_YOUR ASSIGNMENT:_ Output nothing but the lines from the first line of the entries to the line with "fix y assume", inclusive, exactly as they read.

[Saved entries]
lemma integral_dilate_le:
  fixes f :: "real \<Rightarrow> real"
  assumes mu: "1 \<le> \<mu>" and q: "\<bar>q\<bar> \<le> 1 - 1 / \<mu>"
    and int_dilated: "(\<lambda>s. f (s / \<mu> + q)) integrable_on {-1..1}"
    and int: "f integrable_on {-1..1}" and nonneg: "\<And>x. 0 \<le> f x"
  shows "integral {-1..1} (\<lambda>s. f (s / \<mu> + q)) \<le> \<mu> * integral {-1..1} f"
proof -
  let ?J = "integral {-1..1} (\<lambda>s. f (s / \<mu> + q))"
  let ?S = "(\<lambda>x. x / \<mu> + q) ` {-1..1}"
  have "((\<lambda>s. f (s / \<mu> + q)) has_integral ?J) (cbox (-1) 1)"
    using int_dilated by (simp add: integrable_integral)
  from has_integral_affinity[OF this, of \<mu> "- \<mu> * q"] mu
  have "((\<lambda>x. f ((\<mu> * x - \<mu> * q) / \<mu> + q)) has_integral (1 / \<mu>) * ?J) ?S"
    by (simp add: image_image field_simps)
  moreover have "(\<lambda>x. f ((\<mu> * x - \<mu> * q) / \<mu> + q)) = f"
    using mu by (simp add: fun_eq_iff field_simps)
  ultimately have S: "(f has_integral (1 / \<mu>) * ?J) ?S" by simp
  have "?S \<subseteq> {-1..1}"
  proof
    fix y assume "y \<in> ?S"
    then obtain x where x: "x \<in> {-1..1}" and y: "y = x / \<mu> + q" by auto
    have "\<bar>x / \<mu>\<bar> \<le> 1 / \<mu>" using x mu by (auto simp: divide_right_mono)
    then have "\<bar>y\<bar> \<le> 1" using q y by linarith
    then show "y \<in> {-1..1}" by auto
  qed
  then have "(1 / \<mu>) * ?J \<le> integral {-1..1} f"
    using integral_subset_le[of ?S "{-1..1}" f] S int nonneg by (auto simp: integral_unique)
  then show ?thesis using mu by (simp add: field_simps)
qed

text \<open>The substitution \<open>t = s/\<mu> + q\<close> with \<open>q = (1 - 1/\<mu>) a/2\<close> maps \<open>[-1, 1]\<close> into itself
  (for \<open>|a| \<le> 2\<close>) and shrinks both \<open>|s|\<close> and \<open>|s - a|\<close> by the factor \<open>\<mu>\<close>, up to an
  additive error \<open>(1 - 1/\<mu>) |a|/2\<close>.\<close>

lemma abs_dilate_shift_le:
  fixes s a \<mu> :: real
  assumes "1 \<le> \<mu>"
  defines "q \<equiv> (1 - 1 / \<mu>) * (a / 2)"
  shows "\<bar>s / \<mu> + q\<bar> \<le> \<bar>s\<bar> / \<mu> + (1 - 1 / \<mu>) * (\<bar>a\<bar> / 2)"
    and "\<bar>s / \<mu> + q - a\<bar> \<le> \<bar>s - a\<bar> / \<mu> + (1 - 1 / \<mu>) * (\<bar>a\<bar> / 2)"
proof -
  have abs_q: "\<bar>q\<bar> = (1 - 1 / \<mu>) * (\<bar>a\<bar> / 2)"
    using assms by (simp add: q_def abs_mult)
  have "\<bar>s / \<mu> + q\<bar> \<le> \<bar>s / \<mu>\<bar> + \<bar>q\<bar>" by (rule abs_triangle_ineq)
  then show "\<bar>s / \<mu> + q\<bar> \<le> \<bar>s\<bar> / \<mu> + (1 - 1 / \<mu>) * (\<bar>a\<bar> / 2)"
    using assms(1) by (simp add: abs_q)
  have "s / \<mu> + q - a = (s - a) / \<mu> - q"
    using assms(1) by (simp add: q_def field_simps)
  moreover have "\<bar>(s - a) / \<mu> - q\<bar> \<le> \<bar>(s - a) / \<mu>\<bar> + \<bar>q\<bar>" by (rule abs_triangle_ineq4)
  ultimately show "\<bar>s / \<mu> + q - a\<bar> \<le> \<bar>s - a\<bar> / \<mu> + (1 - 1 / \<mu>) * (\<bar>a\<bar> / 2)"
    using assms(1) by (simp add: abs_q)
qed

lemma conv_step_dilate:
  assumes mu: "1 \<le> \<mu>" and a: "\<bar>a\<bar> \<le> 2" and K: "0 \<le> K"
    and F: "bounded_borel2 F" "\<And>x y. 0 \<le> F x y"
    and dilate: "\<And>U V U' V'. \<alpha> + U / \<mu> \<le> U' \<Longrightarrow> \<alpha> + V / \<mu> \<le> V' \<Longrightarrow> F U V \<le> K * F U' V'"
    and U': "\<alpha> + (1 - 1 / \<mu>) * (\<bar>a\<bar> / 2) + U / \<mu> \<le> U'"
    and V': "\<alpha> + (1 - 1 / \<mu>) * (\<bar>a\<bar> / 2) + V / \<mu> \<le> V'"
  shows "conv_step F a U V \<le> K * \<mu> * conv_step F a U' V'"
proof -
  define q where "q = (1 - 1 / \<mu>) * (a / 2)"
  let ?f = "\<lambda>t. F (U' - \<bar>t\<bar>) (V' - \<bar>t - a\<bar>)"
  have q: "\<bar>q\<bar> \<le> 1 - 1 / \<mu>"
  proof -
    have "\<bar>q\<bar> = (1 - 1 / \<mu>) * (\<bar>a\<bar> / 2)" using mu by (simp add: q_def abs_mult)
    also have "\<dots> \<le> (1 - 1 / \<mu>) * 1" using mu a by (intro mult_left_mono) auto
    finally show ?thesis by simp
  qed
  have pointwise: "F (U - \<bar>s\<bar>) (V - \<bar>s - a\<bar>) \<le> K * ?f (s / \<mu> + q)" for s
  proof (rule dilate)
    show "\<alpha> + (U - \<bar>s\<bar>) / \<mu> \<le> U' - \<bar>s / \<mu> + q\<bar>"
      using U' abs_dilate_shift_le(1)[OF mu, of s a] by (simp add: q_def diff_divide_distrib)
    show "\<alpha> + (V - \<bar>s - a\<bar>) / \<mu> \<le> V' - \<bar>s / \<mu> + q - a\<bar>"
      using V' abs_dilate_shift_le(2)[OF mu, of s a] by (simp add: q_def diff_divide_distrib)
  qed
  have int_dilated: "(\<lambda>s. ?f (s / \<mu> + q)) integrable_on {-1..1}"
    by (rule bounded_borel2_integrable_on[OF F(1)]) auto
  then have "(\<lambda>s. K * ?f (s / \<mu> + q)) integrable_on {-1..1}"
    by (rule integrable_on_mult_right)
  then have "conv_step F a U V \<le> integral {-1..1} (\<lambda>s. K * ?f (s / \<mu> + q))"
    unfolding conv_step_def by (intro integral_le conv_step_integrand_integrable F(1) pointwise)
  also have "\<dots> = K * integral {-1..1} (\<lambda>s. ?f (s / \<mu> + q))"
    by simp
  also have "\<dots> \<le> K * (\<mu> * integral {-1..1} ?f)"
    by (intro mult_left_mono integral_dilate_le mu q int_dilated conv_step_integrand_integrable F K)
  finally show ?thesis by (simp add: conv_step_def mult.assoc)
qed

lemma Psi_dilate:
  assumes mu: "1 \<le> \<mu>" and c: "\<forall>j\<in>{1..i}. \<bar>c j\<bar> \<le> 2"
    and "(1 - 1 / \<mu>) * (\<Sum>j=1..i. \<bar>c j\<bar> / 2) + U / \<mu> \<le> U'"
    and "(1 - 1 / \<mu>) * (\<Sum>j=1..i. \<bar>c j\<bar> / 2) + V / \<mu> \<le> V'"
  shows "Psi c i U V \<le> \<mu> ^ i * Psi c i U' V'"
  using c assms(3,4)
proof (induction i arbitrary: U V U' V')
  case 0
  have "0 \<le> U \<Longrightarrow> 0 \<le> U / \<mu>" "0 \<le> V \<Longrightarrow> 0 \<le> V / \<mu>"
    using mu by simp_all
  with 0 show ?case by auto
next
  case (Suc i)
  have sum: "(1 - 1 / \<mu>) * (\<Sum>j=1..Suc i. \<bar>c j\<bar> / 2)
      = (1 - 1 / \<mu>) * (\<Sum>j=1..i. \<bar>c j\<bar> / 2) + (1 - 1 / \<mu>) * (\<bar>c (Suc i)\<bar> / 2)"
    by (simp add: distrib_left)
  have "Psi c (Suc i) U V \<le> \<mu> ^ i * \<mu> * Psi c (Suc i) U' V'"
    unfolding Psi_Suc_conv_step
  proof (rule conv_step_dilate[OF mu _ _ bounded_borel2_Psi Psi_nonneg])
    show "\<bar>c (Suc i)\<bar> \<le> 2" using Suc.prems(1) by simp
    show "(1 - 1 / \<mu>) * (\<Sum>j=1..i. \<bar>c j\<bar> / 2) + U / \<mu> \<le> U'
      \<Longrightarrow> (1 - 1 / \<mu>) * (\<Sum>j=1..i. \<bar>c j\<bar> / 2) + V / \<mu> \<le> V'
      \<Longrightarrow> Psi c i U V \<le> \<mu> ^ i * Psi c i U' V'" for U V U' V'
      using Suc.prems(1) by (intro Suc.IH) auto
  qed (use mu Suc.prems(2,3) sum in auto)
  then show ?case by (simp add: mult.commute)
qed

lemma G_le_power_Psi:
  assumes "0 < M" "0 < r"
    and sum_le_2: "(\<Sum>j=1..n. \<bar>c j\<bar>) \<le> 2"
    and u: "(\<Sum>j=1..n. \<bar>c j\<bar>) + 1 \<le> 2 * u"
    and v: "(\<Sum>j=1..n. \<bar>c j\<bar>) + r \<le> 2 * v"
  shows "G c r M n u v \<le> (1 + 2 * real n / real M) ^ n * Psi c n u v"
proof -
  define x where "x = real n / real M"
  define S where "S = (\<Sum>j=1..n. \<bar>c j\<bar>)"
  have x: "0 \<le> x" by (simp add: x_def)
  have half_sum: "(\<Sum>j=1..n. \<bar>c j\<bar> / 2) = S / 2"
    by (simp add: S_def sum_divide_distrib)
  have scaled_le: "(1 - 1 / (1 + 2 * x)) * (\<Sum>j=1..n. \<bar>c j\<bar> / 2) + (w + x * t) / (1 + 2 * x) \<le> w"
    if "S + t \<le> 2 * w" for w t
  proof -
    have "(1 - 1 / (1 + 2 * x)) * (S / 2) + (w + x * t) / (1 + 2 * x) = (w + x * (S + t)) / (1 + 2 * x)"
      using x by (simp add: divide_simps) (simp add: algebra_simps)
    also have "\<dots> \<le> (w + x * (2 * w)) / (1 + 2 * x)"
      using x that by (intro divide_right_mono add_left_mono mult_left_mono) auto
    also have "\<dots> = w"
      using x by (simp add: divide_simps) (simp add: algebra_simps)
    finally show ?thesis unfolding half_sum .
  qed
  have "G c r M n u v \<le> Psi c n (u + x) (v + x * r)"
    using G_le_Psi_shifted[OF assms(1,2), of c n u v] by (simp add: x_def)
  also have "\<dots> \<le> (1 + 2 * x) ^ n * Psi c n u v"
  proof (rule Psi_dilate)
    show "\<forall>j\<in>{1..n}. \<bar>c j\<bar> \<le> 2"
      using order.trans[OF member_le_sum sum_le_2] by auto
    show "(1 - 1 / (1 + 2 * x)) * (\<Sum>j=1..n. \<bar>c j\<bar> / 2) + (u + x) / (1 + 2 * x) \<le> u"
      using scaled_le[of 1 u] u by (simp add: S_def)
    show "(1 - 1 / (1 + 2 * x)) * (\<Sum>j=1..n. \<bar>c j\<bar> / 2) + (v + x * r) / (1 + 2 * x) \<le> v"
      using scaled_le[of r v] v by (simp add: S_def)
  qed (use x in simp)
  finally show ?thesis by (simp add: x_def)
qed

_ANSWER BOX:_
lemma integral_dilate_le:
  fixes f :: "real \<Rightarrow> real"
  assumes mu: "1 \<le> \<mu>" and q: "\<bar>q\<bar> \<le> 1 - 1 / \<mu>"
    and int_dilated: "(\<lambda>s. f (s / \<mu> + q)) integrable_on {-1..1}"
    and int: "f integrable_on {-1..1}" and nonneg: "\<And>x. 0 \<le> f x"
  shows "integral {-1..1} (\<lambda>s. f (s / \<mu> + q)) \<le> \<mu> * integral {-1..1} f"
proof -
  let ?J = "integral {-1..1} (\<lambda>s. f (s / \<mu> + q))"
  let ?S = "(\<lambda>x. x / \<mu> + q) ` {-1..1}"
  have "((\<lambda>s. f (s / \<mu> + q)) has_integral ?J) (cbox (-1) 1)"
    using int_dilated by (simp add: integrable_integral)
  from has_integral_affinity[OF this, of \<mu> "- \<mu> * q"] mu
  have "((\<lambda>x. f ((\<mu> * x - \<mu> * q) / \<mu> + q)) has_integral (1 / \<mu>) * ?J) ?S"
    by (simp add: image_image field_simps)
  moreover have "(\<lambda>x. f ((\<mu> * x - \<mu> * q) / \<mu> + q)) = f"
    using mu by (simp add: fun_eq_iff field_simps)
  ultimately have S: "(f has_integral (1 / \<mu>) * ?J) ?S" by simp
  have "?S \<subseteq> {-1..1}"
  proof
    fix y assume "y \<in> ?S"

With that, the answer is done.